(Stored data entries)
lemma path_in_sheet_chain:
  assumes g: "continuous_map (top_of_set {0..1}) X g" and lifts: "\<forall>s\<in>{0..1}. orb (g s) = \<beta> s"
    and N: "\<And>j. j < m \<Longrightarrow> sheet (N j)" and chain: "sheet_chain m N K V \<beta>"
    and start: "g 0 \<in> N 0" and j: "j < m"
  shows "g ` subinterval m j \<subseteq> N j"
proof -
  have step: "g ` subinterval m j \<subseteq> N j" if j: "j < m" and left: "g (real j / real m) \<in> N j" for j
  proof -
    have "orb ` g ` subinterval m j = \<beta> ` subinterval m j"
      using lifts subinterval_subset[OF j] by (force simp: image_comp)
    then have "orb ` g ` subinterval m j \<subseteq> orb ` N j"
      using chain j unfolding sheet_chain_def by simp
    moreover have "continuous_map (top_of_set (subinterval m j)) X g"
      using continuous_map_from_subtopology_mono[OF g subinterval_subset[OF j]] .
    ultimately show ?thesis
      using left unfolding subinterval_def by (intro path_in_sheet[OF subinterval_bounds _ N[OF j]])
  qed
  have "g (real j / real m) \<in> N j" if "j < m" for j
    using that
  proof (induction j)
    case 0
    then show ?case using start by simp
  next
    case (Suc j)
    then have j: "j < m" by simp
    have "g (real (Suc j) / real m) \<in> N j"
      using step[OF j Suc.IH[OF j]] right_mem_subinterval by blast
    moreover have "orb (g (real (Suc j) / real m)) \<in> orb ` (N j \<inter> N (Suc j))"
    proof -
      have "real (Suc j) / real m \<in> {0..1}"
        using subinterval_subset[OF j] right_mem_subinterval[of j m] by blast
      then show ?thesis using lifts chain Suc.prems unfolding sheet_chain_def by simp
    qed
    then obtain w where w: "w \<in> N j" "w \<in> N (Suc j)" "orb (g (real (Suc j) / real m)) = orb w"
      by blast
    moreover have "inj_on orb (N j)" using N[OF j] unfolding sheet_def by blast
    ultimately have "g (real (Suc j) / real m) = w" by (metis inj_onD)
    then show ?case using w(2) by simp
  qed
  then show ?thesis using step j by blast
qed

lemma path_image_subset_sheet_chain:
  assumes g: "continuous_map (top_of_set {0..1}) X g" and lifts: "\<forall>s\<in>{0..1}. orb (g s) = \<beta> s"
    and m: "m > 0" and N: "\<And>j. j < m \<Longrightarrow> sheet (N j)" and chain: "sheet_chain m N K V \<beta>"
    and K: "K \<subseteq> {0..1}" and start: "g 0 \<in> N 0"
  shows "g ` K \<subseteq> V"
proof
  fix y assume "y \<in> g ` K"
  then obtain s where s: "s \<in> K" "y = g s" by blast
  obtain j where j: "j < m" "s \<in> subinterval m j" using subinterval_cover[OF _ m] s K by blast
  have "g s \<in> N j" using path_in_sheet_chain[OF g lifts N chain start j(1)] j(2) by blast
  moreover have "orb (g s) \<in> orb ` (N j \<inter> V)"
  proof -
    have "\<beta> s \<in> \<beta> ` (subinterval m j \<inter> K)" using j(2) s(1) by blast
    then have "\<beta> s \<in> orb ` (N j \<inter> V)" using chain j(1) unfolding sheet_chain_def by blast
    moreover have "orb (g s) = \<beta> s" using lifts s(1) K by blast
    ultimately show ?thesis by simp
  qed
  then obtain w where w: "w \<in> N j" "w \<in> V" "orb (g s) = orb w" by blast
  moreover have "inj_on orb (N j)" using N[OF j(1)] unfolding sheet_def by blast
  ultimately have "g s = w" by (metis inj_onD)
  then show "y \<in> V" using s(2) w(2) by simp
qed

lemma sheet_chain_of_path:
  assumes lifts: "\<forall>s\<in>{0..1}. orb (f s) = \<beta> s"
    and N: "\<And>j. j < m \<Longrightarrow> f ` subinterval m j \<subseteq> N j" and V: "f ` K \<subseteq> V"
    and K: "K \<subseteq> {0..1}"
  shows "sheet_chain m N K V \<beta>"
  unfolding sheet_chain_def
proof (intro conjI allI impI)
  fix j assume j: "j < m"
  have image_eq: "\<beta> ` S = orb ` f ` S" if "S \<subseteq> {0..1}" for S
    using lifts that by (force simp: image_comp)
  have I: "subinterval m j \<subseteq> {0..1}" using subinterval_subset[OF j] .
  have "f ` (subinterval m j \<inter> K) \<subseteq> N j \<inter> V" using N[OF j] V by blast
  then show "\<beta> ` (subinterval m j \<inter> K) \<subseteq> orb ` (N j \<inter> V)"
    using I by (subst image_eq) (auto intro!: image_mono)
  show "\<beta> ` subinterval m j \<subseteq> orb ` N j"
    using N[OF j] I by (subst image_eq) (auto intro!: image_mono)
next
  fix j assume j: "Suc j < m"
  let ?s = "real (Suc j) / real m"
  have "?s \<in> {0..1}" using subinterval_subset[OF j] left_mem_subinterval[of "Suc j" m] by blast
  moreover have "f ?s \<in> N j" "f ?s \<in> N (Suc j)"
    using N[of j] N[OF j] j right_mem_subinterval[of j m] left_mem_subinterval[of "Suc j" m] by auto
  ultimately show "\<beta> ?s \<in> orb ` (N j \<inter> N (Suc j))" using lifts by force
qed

...

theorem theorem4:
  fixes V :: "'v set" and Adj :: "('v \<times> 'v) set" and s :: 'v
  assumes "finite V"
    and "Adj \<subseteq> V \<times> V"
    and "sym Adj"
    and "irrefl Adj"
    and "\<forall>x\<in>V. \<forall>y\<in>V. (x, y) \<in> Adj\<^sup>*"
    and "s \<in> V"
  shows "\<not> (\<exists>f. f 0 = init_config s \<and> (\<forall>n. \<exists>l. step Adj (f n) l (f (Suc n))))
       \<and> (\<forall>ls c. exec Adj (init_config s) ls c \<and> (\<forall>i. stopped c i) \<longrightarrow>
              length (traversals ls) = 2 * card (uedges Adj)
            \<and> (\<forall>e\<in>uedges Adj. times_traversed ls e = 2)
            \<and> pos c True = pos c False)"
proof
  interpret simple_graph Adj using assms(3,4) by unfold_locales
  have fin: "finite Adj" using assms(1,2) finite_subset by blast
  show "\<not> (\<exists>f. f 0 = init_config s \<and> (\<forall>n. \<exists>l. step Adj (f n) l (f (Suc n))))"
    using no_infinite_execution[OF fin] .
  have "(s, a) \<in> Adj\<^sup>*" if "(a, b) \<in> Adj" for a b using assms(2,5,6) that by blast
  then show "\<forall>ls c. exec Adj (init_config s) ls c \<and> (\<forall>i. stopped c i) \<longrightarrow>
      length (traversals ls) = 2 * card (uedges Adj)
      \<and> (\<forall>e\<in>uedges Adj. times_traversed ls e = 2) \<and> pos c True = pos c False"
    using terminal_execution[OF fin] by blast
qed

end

• _PROBLEM_
The lines to copy are those above that contain "metis".

• _RESPONSE TO THE EXERCISE_
    ultimately have "g (real (Suc j) / real m) = w" by (metis inj_onD)
  ultimately have "g s = w" by (metis inj_onD)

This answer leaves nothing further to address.